Excerpted data:
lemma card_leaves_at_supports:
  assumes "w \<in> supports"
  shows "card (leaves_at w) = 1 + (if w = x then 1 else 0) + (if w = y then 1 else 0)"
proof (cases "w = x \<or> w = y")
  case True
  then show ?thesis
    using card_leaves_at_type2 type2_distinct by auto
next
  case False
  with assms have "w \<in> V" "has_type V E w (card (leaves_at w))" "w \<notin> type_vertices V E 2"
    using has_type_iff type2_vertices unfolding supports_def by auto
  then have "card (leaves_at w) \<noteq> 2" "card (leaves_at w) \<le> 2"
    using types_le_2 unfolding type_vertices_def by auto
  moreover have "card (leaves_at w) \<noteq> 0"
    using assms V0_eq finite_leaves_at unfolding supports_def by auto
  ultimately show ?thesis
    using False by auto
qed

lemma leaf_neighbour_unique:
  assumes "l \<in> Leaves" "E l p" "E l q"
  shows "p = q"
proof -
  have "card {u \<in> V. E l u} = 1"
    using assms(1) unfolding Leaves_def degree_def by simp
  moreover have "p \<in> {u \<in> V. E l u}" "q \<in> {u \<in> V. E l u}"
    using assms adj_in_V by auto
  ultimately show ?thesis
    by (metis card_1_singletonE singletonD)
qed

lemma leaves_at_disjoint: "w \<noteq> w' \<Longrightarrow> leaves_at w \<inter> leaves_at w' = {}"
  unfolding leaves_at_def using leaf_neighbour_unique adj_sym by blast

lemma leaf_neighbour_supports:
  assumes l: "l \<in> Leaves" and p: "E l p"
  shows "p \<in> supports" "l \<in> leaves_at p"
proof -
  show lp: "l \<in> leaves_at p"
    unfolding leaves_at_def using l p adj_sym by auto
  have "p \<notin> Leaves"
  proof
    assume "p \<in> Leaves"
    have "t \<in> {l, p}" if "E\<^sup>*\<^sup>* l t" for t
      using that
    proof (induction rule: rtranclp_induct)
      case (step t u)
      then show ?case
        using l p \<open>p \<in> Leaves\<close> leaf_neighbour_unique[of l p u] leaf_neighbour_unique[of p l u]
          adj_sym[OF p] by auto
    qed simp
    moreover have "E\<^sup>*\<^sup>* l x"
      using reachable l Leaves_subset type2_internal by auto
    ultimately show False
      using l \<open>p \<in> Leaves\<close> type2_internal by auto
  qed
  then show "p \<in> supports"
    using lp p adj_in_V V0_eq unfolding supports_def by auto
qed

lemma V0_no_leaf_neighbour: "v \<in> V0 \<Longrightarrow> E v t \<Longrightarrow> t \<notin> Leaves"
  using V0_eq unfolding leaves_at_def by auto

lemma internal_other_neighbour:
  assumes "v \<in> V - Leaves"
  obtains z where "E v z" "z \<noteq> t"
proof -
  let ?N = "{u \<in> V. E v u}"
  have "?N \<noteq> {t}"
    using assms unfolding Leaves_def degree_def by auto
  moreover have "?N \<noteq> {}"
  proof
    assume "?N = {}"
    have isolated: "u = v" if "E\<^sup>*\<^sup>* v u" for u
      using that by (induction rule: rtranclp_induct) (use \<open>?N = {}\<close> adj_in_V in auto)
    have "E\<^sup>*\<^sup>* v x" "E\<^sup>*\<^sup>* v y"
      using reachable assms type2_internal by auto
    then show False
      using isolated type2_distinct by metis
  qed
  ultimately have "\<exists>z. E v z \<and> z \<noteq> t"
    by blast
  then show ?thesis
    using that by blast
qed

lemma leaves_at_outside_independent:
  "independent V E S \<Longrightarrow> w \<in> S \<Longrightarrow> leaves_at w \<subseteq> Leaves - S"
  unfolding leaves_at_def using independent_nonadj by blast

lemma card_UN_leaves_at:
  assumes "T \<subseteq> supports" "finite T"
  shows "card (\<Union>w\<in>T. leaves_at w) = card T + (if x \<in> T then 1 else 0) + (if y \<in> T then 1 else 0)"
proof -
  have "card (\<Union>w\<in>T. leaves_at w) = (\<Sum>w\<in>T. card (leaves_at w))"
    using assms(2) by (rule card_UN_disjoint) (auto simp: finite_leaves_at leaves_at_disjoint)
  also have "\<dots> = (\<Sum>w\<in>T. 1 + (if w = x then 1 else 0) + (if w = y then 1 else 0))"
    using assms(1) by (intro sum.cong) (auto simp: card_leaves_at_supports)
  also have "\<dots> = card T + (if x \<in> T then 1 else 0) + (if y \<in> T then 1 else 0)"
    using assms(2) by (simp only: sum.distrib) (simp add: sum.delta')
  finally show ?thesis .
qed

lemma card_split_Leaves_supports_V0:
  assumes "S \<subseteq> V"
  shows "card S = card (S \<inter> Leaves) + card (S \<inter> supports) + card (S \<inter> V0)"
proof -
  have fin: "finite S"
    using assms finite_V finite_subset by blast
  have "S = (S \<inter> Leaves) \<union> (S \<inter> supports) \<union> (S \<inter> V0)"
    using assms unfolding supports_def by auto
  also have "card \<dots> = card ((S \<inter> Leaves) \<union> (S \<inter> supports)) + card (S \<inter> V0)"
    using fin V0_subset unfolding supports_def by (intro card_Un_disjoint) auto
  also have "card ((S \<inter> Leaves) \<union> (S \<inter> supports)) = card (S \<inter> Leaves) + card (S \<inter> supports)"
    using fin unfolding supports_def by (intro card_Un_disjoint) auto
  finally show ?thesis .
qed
* * *
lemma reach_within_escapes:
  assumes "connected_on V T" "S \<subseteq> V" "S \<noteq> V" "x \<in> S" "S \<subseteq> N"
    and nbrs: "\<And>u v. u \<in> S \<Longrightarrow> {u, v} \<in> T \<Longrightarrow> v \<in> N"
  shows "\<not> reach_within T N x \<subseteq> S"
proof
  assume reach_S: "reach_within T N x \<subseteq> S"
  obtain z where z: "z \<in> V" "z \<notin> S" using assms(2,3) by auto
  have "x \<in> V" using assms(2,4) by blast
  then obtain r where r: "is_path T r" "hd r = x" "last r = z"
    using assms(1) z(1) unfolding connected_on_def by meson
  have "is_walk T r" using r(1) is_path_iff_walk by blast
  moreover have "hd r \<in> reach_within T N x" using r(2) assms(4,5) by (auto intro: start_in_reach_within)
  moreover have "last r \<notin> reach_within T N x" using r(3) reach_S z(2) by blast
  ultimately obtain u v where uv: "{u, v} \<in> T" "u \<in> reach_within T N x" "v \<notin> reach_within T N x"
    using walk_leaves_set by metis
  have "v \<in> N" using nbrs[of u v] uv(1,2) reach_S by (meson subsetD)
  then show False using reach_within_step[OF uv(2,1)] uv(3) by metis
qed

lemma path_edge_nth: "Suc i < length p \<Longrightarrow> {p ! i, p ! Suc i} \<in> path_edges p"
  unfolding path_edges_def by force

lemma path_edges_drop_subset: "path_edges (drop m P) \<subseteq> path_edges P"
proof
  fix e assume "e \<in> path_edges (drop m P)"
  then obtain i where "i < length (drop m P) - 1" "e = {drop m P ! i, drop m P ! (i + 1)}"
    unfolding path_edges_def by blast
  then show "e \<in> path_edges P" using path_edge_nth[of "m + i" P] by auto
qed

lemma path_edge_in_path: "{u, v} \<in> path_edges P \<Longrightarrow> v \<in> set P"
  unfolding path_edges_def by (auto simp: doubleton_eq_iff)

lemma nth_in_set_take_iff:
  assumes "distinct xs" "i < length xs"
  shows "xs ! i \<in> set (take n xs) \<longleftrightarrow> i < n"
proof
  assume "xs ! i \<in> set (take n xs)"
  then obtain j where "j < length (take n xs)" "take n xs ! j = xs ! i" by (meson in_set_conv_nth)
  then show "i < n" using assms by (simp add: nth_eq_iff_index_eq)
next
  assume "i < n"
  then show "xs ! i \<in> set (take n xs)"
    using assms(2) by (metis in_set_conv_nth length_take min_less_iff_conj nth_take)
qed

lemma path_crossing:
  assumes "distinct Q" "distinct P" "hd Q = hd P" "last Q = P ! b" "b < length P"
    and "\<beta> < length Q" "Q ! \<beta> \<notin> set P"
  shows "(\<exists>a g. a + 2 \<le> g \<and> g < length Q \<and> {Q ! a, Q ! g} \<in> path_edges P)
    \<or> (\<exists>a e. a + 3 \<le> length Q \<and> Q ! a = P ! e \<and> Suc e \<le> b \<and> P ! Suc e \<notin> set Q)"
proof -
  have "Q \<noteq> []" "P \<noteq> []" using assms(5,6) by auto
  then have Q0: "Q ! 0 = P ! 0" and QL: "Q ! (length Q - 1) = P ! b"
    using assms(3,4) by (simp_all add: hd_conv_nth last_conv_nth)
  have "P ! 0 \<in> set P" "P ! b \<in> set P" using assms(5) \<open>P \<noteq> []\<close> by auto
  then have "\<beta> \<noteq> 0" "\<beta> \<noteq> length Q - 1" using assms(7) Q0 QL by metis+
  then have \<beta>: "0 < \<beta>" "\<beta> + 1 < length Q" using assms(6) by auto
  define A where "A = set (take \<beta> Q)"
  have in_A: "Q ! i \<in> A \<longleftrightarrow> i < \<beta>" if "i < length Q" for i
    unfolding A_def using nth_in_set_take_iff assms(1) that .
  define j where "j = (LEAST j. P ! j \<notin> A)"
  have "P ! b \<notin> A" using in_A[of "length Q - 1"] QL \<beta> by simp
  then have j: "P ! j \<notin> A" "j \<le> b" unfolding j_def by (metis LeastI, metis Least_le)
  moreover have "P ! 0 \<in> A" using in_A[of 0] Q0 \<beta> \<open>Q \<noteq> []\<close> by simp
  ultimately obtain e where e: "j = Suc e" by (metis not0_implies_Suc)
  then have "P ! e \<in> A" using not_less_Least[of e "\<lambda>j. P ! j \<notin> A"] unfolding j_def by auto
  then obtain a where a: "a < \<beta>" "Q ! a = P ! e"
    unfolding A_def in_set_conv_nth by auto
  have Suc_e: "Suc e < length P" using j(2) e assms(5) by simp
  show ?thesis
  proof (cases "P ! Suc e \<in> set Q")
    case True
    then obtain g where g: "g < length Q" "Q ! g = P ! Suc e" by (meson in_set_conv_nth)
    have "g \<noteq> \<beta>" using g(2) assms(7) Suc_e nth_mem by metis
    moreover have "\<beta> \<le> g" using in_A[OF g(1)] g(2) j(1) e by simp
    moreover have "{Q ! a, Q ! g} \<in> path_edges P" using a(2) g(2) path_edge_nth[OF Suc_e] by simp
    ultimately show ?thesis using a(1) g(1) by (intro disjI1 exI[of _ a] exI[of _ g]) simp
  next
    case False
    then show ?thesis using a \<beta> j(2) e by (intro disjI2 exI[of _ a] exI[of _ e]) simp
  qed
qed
* * *
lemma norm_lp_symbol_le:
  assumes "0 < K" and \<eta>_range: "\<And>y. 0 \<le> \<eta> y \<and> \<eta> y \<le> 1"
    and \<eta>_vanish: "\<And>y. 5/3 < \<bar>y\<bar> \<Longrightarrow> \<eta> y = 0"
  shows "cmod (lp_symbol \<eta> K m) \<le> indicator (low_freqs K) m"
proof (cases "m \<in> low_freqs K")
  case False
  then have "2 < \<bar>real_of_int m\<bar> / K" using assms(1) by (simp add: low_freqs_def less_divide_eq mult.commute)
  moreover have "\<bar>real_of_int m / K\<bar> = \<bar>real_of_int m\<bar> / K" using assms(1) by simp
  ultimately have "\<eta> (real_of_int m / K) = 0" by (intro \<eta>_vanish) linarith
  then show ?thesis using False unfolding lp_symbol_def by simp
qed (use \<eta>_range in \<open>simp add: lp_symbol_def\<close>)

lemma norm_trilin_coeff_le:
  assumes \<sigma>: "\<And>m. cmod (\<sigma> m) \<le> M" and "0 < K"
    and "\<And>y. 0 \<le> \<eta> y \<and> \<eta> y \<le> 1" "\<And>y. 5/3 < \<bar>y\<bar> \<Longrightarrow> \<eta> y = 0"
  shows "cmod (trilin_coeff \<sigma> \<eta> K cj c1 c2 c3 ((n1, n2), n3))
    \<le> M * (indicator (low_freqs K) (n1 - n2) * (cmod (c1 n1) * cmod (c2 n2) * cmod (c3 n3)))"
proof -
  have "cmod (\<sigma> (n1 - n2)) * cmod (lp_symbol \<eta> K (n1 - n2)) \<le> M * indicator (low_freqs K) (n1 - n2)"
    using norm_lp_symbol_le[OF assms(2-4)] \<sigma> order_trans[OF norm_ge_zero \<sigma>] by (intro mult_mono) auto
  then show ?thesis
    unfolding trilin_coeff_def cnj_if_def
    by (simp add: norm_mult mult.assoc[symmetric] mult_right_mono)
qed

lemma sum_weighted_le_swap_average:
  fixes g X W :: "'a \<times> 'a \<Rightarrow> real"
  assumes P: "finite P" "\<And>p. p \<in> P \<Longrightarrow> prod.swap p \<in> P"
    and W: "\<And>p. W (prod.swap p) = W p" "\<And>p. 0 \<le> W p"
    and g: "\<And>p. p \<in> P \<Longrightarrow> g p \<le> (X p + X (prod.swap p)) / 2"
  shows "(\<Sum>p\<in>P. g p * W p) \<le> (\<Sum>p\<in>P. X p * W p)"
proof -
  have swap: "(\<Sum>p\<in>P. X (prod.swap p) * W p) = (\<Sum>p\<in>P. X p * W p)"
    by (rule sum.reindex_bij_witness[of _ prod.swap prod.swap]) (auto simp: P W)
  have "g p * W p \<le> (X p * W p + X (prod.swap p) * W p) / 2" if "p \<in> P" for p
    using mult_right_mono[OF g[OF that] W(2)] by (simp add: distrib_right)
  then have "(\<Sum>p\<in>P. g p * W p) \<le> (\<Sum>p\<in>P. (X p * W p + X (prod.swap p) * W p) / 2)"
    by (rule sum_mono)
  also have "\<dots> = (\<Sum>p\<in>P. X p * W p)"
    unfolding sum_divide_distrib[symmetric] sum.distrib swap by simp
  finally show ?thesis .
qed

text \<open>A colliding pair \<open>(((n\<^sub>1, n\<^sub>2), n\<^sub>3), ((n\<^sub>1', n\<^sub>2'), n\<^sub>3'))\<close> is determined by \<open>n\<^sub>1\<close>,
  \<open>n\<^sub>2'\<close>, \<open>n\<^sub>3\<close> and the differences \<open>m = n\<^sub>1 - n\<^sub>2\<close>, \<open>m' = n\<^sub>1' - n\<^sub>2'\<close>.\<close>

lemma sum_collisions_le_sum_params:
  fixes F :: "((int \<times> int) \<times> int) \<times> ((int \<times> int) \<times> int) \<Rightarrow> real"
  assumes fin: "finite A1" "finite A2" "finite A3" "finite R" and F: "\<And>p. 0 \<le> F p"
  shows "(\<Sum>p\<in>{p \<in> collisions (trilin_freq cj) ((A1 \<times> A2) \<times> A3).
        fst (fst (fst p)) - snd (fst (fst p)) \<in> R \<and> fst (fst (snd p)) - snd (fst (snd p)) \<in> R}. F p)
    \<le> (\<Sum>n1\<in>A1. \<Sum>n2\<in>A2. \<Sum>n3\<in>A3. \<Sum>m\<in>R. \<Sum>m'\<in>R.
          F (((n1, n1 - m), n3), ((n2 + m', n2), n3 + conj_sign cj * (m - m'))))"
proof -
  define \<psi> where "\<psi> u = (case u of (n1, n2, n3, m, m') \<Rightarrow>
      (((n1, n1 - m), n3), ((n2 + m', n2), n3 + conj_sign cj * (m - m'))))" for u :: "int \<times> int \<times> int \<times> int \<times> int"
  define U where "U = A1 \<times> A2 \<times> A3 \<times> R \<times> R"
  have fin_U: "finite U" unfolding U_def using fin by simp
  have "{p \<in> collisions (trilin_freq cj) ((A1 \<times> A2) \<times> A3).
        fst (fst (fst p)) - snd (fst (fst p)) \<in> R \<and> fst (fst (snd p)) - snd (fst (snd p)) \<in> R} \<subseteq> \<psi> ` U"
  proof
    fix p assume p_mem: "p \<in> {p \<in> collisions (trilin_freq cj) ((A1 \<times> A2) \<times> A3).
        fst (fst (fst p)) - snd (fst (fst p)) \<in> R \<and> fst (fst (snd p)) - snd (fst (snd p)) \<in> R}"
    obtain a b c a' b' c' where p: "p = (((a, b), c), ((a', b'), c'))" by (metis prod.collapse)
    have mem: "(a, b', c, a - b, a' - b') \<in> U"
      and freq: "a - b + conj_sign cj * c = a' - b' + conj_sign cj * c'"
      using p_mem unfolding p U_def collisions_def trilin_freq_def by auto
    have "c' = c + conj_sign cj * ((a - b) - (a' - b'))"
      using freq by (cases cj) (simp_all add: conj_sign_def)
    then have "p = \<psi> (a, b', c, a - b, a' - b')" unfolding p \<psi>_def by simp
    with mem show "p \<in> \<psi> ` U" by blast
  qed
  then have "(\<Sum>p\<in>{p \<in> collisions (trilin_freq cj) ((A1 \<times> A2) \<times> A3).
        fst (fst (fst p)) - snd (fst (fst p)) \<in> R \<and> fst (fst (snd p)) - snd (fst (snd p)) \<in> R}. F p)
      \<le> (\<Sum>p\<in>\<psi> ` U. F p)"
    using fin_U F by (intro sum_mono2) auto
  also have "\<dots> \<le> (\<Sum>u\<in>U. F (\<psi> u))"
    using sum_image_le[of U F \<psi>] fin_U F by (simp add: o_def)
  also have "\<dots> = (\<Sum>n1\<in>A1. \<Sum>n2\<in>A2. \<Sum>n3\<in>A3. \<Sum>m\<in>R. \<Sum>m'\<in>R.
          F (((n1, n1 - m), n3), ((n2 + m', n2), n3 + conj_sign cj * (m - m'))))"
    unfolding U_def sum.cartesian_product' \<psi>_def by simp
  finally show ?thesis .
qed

Activity: Copy out every line in the records where the word "Longrightarrow" is found.

Response box:
lemma leaves_at_disjoint: "w \<noteq> w' \<Longrightarrow> leaves_at w \<inter> leaves_at w' = {}"
lemma V0_no_leaf_neighbour: "v \<in> V0 \<Longrightarrow> E v t \<Longrightarrow> t \<notin> Leaves"
  "independent V E S \<Longrightarrow> w \<in> S \<Longrightarrow> leaves_at w \<subseteq> Leaves - S"
    and nbrs: "\<And>u v. u \<in> S \<Longrightarrow> {u, v} \<in> T \<Longrightarrow> v \<in> N"
lemma path_edge_nth: "Suc i < length p \<Longrightarrow> {p ! i, p ! Suc i} \<in> path_edges p"
lemma path_edge_in_path: "{u, v} \<in> path_edges P \<Longrightarrow> v \<in> set P"
    and \<eta>_vanish: "\<And>y. 5/3 < \<bar>y\<bar> \<Longrightarrow> \<eta> y = 0"
    and "\<And>y. 0 \<le> \<eta> y \<and> \<eta> y \<le> 1" "\<And>y. 5/3 < \<bar>y\<bar> \<Longrightarrow> \<eta> y = 0"
  assumes P: "finite P" "\<And>p. p \<in> P \<Longrightarrow> prod.swap p \<in> P"
    and g: "\<And>p. p \<in> P \<Longrightarrow> g p \<le> (X p + X (prod.swap p)) / 2"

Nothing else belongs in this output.